Actually, the end of output is like this:

.const.picklebuf.2338120985216:
	.quad	.const.pickledata.2338120985216
	.long	176
	.zero	4
	.quad	.const.pickledata.2338120985216.sha1
	.quad	0
	.long	0
	.zero	4
	.size	.const.picklebuf.2338120985216, 40

	.section	".note.GNU-stack","",@progbits

================================================================================
10.276019901037216
2.8699636459350586e-05
0.05956900119781494
5.569867789745331e-05
[(Array(float64, 1, 'C', False, aligned=True), Array(float64, 1, 'C', False, aligned=True)) -> array(float64, 2d, C)]

If you ran the code all at once, it’s possible that two compilation logs appeared before the actual output. Have you tried executing each function call line by line to ensure that step 3 doesn’t trigger a recompile?
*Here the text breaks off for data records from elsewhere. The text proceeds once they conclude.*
(* Let $(B,D,d,\theta)$, $(B',D',d',\theta')$ be E-systems and let $(F,\breve F,\widetilde F):\mathcal A_{B\to D}\to\mathcal A_{B'\to D'}$ be a single Ann-functor. Define $f_0:D\to D'$ by $f_0(x)=F(x)$ and $f_1:B\to B'$ by $f_1(b)=F(b)$, where $b$ is regarded as the morphism $0\xrightarrow{b}d(b)$ and $F(b)\in B'$ is the element labelling its image. Then $(f_1,f_0)$ is a morphism of E-systems $(B,D,d,\theta)\to(B',D',d',\theta')$.
   Context: E-system $(B,D,d,\theta)$: $B$ a ring, $D$ a unital ring, $d:B\to D$, $\theta:D\to M_B$ ring homomorphisms ($M_B$ ring of bimultiplications of $B$), $\theta(d(b))=\mu_b$ (inner bimultiplication), $d(\theta_xb)=x\,d(b)$, $d(b\theta_x)=d(b)x$. Morphism of E-systems: ring homomorphisms $f_1:B\to B'$, $f_0:D\to D'$ with $f_0d=d'f_1$, $f_1(\theta_xb)=\theta'_{f_0(x)}f_1(b)$, $f_1(b\theta_x)=f_1(b)\theta'_{f_0(x)}$. Associated strict Ann-category $\mathcal A_{B\to D}$: objects the elements of $D$; morphisms $x\to y$ are $b\in B$ with $y=d(b)+x$; composition is addition in $B$; $\oplus,\otimes$ on objects are $+,\cdot$ of $D$; on morphisms $(x\xrightarrow{b}y)\oplus(x'\xrightarrow{b'}y')=(x+x'\xrightarrow{b+b'}y+y')$, $(x\xrightarrow{b}y)\otimes(x'\xrightarrow{b'}y')=(xx'\xrightarrow{bb'+b\theta_{x'}+\theta_xb'}yy')$; all constraints identities. An Ann-functor $(F,\breve F,\widetilde F)$ is a functor with natural isomorphisms $\breve F_{X,Y}:F(X\oplus Y)\to FX\oplus FY$, $\widetilde F_{X,Y}:F(X\otimes Y)\to FX\otimes FY$, $F_*:F(1)\to1'$ making $F$ symmetric monoidal for $\oplus$, monoidal for $\otimes$, and compatible with the distributivity constraints. An Ann-functor between associated Ann-categories is single if $F(0)=0'$, $F(1)=1'$ and $\breve F_{x,y}$, $\widetilde F_{x,y}$ are constant (the same element of $B'$ for all $x,y$). *)

theory Defs
  imports Main
begin

text \<open>The ring B is the whole of a type 'b of class ring (not necessarily
unital), D is the whole of a type 'd of class ring_1. A bimultiplication sigma of B is
represented by a pair of maps (l, r) with l b = sigma b and r b = b sigma.
The map theta : D -> M_B is represented by two maps thl, thr with
thl x b = theta_x b and thr x b = b theta_x.\<close>

definition ring_hom' :: "('a::ring \<Rightarrow> 'b::ring) \<Rightarrow> bool" where
  "ring_hom' f \<longleftrightarrow> (\<forall>a b. f (a + b) = f a + f b) \<and> (\<forall>a b. f (a * b) = f a * f b)"

definition bimult :: "('b::ring \<Rightarrow> 'b) \<Rightarrow> ('b \<Rightarrow> 'b) \<Rightarrow> bool" where
  "bimult l r \<longleftrightarrow>
     (\<forall>a b. l (a + b) = l a + l b) \<and> (\<forall>a b. r (a + b) = r a + r b) \<and>
     (\<forall>a b. l (a * b) = l a * b) \<and> (\<forall>a b. r (a * b) = a * r b) \<and>
     (\<forall>a b. a * l b = r a * b)"

text \<open>theta : D -> M_B is a ring homomorphism into the ring of bimultiplications:
sum is pointwise, and the product sigma tau acts by (sigma tau) b = sigma (tau b),
b (sigma tau) = (b sigma) tau.\<close>
definition theta_hom :: "('d::ring_1 \<Rightarrow> 'b::ring \<Rightarrow> 'b) \<Rightarrow> ('d \<Rightarrow> 'b \<Rightarrow> 'b) \<Rightarrow> bool" where
  "theta_hom thl thr \<longleftrightarrow>
     (\<forall>x. bimult (thl x) (thr x)) \<and>
     (\<forall>x y b. thl (x + y) b = thl x b + thl y b) \<and>
     (\<forall>x y b. thr (x + y) b = thr x b + thr y b) \<and>
     (\<forall>x y b. thl (x * y) b = thl x (thl y b)) \<and>
     (\<forall>x y b. thr (x * y) b = thr y (thr x b))"

definition E_system :: "('b::ring \<Rightarrow> 'd::ring_1) \<Rightarrow> ('d \<Rightarrow> 'b \<Rightarrow> 'b) \<Rightarrow> ('d \<Rightarrow> 'b \<Rightarrow> 'b) \<Rightarrow> bool" where
  "E_system d thl thr \<longleftrightarrow>
     ring_hom' d \<and> theta_hom thl thr \<and>
     (\<forall>b c. thl (d b) c = b * c \<and> thr (d b) c = c * b) \<and>
     (\<forall>x b. d (thl x b) = x * d b) \<and>
     (\<forall>x b. d (thr x b) = d b * x)"

definition E_morphism ::
  "('b::ring \<Rightarrow> 'd::ring_1) \<Rightarrow> ('d \<Rightarrow> 'b \<Rightarrow> 'b) \<Rightarrow> ('d \<Rightarrow> 'b \<Rightarrow> 'b) \<Rightarrow>
   ('b'::ring \<Rightarrow> 'd'::ring_1) \<Rightarrow> ('d' \<Rightarrow> 'b' \<Rightarrow> 'b') \<Rightarrow> ('d' \<Rightarrow> 'b' \<Rightarrow> 'b') \<Rightarrow>
   ('b \<Rightarrow> 'b') \<Rightarrow> ('d \<Rightarrow> 'd') \<Rightarrow> bool" where
  "E_morphism d thl thr d' thl' thr' f1 f0 \<longleftrightarrow>
     ring_hom' f1 \<and> ring_hom' f0 \<and>
     (\<forall>b. f0 (d b) = d' (f1 b)) \<and>
     (\<forall>x b. f1 (thl x b) = thl' (f0 x) (f1 b)) \<and>
     (\<forall>x b. f1 (thr x b) = thr' (f0 x) (f1 b))"

text \<open>The associated Ann-category A_{B->D}: objects are elements of D; a morphism
x -> y is a label b with y = d b + x; it is determined by its source x and label b.
Identities have label 0, composition is addition of labels, the sum of morphisms has
label b + b', the product of (x -b-> y) and (x' -b'-> y') has label tlab x b x' b'.\<close>
definition tlab :: "('d::ring_1 \<Rightarrow> 'b::ring \<Rightarrow> 'b) \<Rightarrow> ('d \<Rightarrow> 'b \<Rightarrow> 'b) \<Rightarrow> 'd \<Rightarrow> 'b \<Rightarrow> 'd \<Rightarrow> 'b \<Rightarrow> 'b" where
  "tlab thl thr x b x' b' = b * b' + thr x' b + thl x b'"

text \<open>Fo: object map; Fm x b: label of the image of the morphism x -b-> d b + x;
Fs x y: label of F-breve_{x,y} : F(x+y) -> Fx + Fy;
Fz: label of the unit isomorphism F(0) -> 0';
Fp x y: label of F-tilde_{x,y} : F(xy) -> Fx Fy;
Fu: label of F_* : F(1) -> 1'.
All constraints of the associated Ann-categories are identities (label 0).
Composites are written in diagrammatic order (labels add).\<close>
definition ann_functor ::
  "('b::ring \<Rightarrow> 'd::ring_1) \<Rightarrow> ('d \<Rightarrow> 'b \<Rightarrow> 'b) \<Rightarrow> ('d \<Rightarrow> 'b \<Rightarrow> 'b) \<Rightarrow>
   ('b'::ring \<Rightarrow> 'd'::ring_1) \<Rightarrow> ('d' \<Rightarrow> 'b' \<Rightarrow> 'b') \<Rightarrow> ('d' \<Rightarrow> 'b' \<Rightarrow> 'b') \<Rightarrow>
   ('d \<Rightarrow> 'd') \<Rightarrow> ('d \<Rightarrow> 'b \<Rightarrow> 'b') \<Rightarrow> ('d \<Rightarrow> 'd \<Rightarrow> 'b') \<Rightarrow> 'b' \<Rightarrow>
   ('d \<Rightarrow> 'd \<Rightarrow> 'b') \<Rightarrow> 'b' \<Rightarrow> bool" where
  "ann_functor d thl thr d' thl' thr' Fo Fm Fs Fz Fp Fu \<longleftrightarrow>
     \<comment> \<open>F is a functor\<close>
     (\<forall>x b. Fo (d b + x) = d' (Fm x b) + Fo x) \<and>
     (\<forall>x. Fm x 0 = 0) \<and>
     (\<forall>x b c. Fm x (b + c) = Fm x b + Fm (d b + x) c) \<and>
     \<comment> \<open>F-breve: natural (iso)morphisms F(x+y) -> Fx + Fy\<close>
     (\<forall>x y. Fo x + Fo y = d' (Fs x y) + Fo (x + y)) \<and>
     (\<forall>x y b c. Fm (x + y) (b + c) + Fs (d b + x) (d c + y) = Fs x y + (Fm x b + Fm y c)) \<and>
     \<comment> \<open>symmetric monoidal w.r.t. sum: associativity, commutativity, unit\<close>
     (\<forall>x y z. Fm ((x + y) + z) 0 + Fs x (y + z) + (0 + Fs y z) + 0
              = Fs (x + y) z + (Fs x y + 0)) \<and>
     (\<forall>x y. Fm (x + y) 0 + Fs y x = Fs x y + 0) \<and>
     0 = d' Fz + Fo 0 \<and>
     (\<forall>x. Fs 0 x + (Fz + 0) + 0 = Fm (0 + x) 0) \<and>
     (\<forall>x. Fs x 0 + (0 + Fz) + 0 = Fm (x + 0) 0) \<and>
     \<comment> \<open>F-tilde: natural (iso)morphisms F(xy) -> Fx Fy\<close>
     (\<forall>x y. Fo x * Fo y = d' (Fp x y) + Fo (x * y)) \<and>
     (\<forall>x y b c. Fm (x * y) (tlab thl thr x b y c) + Fp (d b + x) (d c + y)
                = Fp x y + tlab thl' thr' (Fo x) (Fm x b) (Fo y) (Fm y c)) \<and>
     \<comment> \<open>monoidal w.r.t. product: associativity and unit (F_*)\<close>
     (\<forall>x y z. Fm ((x * y) * z) 0 + Fp x (y * z) + tlab thl' thr' (Fo x) 0 (Fo (y * z)) (Fp y z) + 0
              = Fp (x * y) z + tlab thl' thr' (Fo (x * y)) (Fp x y) (Fo z) 0) \<and>
     1 = d' Fu + Fo 1 \<and>
     (\<forall>x. Fp 1 x + tlab thl' thr' (Fo 1) Fu (Fo x) 0 + 0 = Fm (1 * x) 0) \<and>
     (\<forall>x. Fp x 1 + tlab thl' thr' (Fo x) 0 (Fo 1) Fu + 0 = Fm (x * 1) 0) \<and>
     \<comment> \<open>compatibility with the (identity) distributivity constraints\<close>
     (\<forall>x y z. Fp x (y + z) + tlab thl' thr' (Fo x) 0 (Fo (y + z)) (Fs y z) + 0
              = Fm (x * (y + z)) 0 + Fs (x * y) (x * z) + (Fp x y + Fp x z)) \<and>
     (\<forall>x y z. Fp (x + y) z + tlab thl' thr' (Fo (x + y)) (Fs x y) (Fo z) 0 + 0
              = Fm ((x + y) * z) 0 + Fs (x * z) (y * z) + (Fp x z + Fp y z))"

definition single_ann_functor ::
  "('b::ring \<Rightarrow> 'd::ring_1) \<Rightarrow> ('d \<Rightarrow> 'b \<Rightarrow> 'b) \<Rightarrow> ('d \<Rightarrow> 'b \<Rightarrow> 'b) \<Rightarrow>
   ('b'::ring \<Rightarrow> 'd'::ring_1) \<Rightarrow> ('d' \<Rightarrow> 'b' \<Rightarrow> 'b') \<Rightarrow> ('d' \<Rightarrow> 'b' \<Rightarrow> 'b') \<Rightarrow>
   ('d \<Rightarrow> 'd') \<Rightarrow> ('d \<Rightarrow> 'b \<Rightarrow> 'b') \<Rightarrow> ('d \<Rightarrow> 'd \<Rightarrow> 'b') \<Rightarrow> 'b' \<Rightarrow>
   ('d \<Rightarrow> 'd \<Rightarrow> 'b') \<Rightarrow> 'b' \<Rightarrow> bool" where
  "single_ann_functor d thl thr d' thl' thr' Fo Fm Fs Fz Fp Fu \<longleftrightarrow>
     ann_functor d thl thr d' thl' thr' Fo Fm Fs Fz Fp Fu \<and>
     Fo 0 = 0 \<and> Fo 1 = 1 \<and>
     (\<exists>c. \<forall>x y. Fs x y = c) \<and> (\<exists>k. \<forall>x y. Fp x y = k)"

end

theory Submission
  imports Defs
begin

text \<open>Since every constraint of an associated Ann-category is an identity, the defining
diagrams of a single Ann-functor collapse to equations between labels. With
\<open>\<breve>F\<close> constant and \<open>F(0) = 0'\<close>, the equation \<open>F x + F y = d'(\<breve>F) + F(x + y)\<close> at
\<open>x = y = 0\<close> gives \<open>d'(\<breve>F) = 0\<close>, so \<open>F\<close> is additive on objects; likewise \<open>F\<close> is
multiplicative. Naturality of the constant \<open>\<breve>F\<close> makes the label map additive and
independent of the source object, and naturality of the constant \<open>\<widetilde>F\<close> says that it
carries the product label \<open>bb' + b\<theta>\<^sub>x\<^sub>' + \<theta>\<^sub>xb'\<close> to its primed counterpart; taking zero
labels or zero objects there yields multiplicativity and compatibility with \<open>\<theta>\<close>.\<close>

lemma theta_hom_zero:
  assumes "theta_hom thl thr"
  shows "thl 0 b = 0" and "thr 0 b = 0"
proof -
  have "thl (0 + 0) b = thl 0 b + thl 0 b" and "thr (0 + 0) b = thr 0 b + thr 0 b"
    using assms unfolding theta_hom_def by blast+
  then show "thl 0 b = 0" and "thr 0 b = 0" by simp_all
qed

lemma
  assumes "theta_hom thl thr"
  shows tlab_zero_objects: "tlab thl thr 0 a 0 b = a * b"
    and tlab_left_action: "tlab thl thr x 0 0 b = thl x b"
    and tlab_right_action: "tlab thl thr 0 b x 0 = thr x b"
  using theta_hom_zero[OF assms] unfolding tlab_def by simp_all

lemma E_system_theta_hom: "E_system d thl thr \<Longrightarrow> theta_hom thl thr"
  unfolding E_system_def by blast

locale single_functor =
  fixes d :: "'b::ring \<Rightarrow> 'd::ring_1" and thl thr :: "'d \<Rightarrow> 'b \<Rightarrow> 'b"
    and d' :: "'b'::ring \<Rightarrow> 'd'::ring_1" and thl' thr' :: "'d' \<Rightarrow> 'b' \<Rightarrow> 'b'"
    and Fo :: "'d \<Rightarrow> 'd'" and Fm :: "'d \<Rightarrow> 'b \<Rightarrow> 'b'"
    and Fs :: "'d \<Rightarrow> 'd \<Rightarrow> 'b'" and Fz :: "'b'"
    and Fp :: "'d \<Rightarrow> 'd \<Rightarrow> 'b'" and Fu :: "'b'"
  assumes single: "single_ann_functor d thl thr d' thl' thr' Fo Fm Fs Fz Fp Fu"
begin

lemma Fo_zero: "Fo 0 = 0"
  using single unfolding single_ann_functor_def by blast

lemma ann_functor: "ann_functor d thl thr d' thl' thr' Fo Fm Fs Fz Fp Fu"
  using single unfolding single_ann_functor_def by blast

lemma Fs_const: "Fs x y = Fs 0 0" and Fp_const: "Fp x y = Fp 0 0"
  using single unfolding single_ann_functor_def by auto

lemma Fo_target: "Fo (d b + x) = d' (Fm x b) + Fo x"
  using ann_functor unfolding ann_functor_def by (elim conjE) fast

lemma Fm_id: "Fm x 0 = 0"
  using ann_functor unfolding ann_functor_def by (elim conjE) fast

lemma Fo_sum: "Fo x + Fo y = d' (Fs x y) + Fo (x + y)"
  using ann_functor unfolding ann_functor_def by (elim conjE) fast

lemma Fs_natural: "Fm (x + y) (b + c) + Fs (d b + x) (d c + y) = Fs x y + (Fm x b + Fm y c)"
  using ann_functor unfolding ann_functor_def by (elim conjE) fast

lemma Fo_prod: "Fo x * Fo y = d' (Fp x y) + Fo (x * y)"
  using ann_functor unfolding ann_functor_def by (elim conjE) fast

lemma Fp_natural:
  "Fm (x * y) (tlab thl thr x b y c) + Fp (d b + x) (d c + y)
     = Fp x y + tlab thl' thr' (Fo x) (Fm x b) (Fo y) (Fm y c)"
  using ann_functor unfolding ann_functor_def by (elim conjE) fast

lemma Fo_add: "Fo (x + y) = Fo x + Fo y"
proof -
  have "d' (Fs 0 0) = 0"
    using Fo_sum[of 0 0] by (simp add: Fo_zero)
  then show ?thesis
    using Fo_sum[of x y] by (simp add: Fs_const[of x y])
qed

lemma Fo_mult: "Fo (x * y) = Fo x * Fo y"
proof -
  have "d' (Fp 0 0) = 0"
    using Fo_prod[of 0 0] by (simp add: Fo_zero)
  then show ?thesis
    using Fo_prod[of x y] by (simp add: Fp_const[of x y])
qed

lemma Fm_add_sources: "Fm (x + y) (b + c) = Fm x b + Fm y c"
  using Fs_natural[of x y b c] by (simp add: Fs_const[of x y] Fs_const[of "d b + x"])

lemma Fm_source_indep: "Fm x b = Fm 0 b"
  using Fm_add_sources[of 0 x b 0] by (simp add: Fm_id)

lemma Fm_add: "Fm 0 (a + b) = Fm 0 a + Fm 0 b"
  using Fm_add_sources[of 0 0 a b] by simp

lemma Fm_tlab: "Fm 0 (tlab thl thr x a y b) = tlab thl' thr' (Fo x) (Fm 0 a) (Fo y) (Fm 0 b)"
  using Fp_natural[of x y a b]
  by (simp add: Fp_const[of x y] Fp_const[of "d a + x"] Fm_source_indep[of x a]
      Fm_source_indep[of y b] Fm_source_indep[of "x * y"])

lemma Fo_d: "Fo (d b) = d' (Fm 0 b)"
  using Fo_target[of b 0] by (simp add: Fo_zero)

end

theorem mainTheorem4:
  fixes d :: "'b::ring \<Rightarrow> 'd::ring_1" and thl thr :: "'d \<Rightarrow> 'b \<Rightarrow> 'b"
    and d' :: "'b'::ring \<Rightarrow> 'd'::ring_1" and thl' thr' :: "'d' \<Rightarrow> 'b' \<Rightarrow> 'b'"
    and Fo :: "'d \<Rightarrow> 'd'" and Fm :: "'d \<Rightarrow> 'b \<Rightarrow> 'b'"
    and Fs Fp :: "'d \<Rightarrow> 'd \<Rightarrow> 'b'" and Fz Fu :: "'b'"
  assumes "E_system d thl thr"
    and "E_system d' thl' thr'"
    and "single_ann_functor d thl thr d' thl' thr' Fo Fm Fs Fz Fp Fu"
  shows "E_morphism d thl thr d' thl' thr' (\<lambda>b. Fm 0 b) Fo"
proof -
  interpret single_functor d thl thr d' thl' thr' Fo Fm Fs Fz Fp Fu
    by unfold_locales (fact assms(3))
  have \<theta>: "theta_hom thl thr" and \<theta>': "theta_hom thl' thr'"
    using assms(1,2) by (simp_all add: E_system_theta_hom)
  have "Fm 0 (a * b) = Fm 0 a * Fm 0 b" for a b
    using Fm_tlab[of 0 a 0 b] by (simp add: Fo_zero tlab_zero_objects[OF \<theta>] tlab_zero_objects[OF \<theta>'])
  moreover have "Fm 0 (thl x b) = thl' (Fo x) (Fm 0 b)" for x b
    using Fm_tlab[of x 0 0 b]
    by (simp add: Fo_zero Fm_id tlab_left_action[OF \<theta>] tlab_left_action[OF \<theta>'])
  moreover have "Fm 0 (thr x b) = thr' (Fo x) (Fm 0 b)" for x b
    using Fm_tlab[of 0 b x 0]
    by (simp add: Fo_zero Fm_id tlab_right_action[OF \<theta>] tlab_right_action[OF \<theta>'])
  ultimately show ?thesis
    unfolding E_morphism_def ring_hom'_def by (simp add: Fm_add Fo_add Fo_mult Fo_d)
qed

end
Yes, I am sure there is no compilation log output on step 3.

The longer third call suggests that Numba might be compiling a specialized version of np.cov for the new input shape. Normally, you’d expect to see compilation logs, but if the visible signature doesn’t change, those logs might be hidden (???).
I couldn’t reproduce this delay under the same Python/Numba environment, so it might be due to environmental factors or even a bug. It’s hard to say…

This is really a strange problem. Thanks a lot for your help!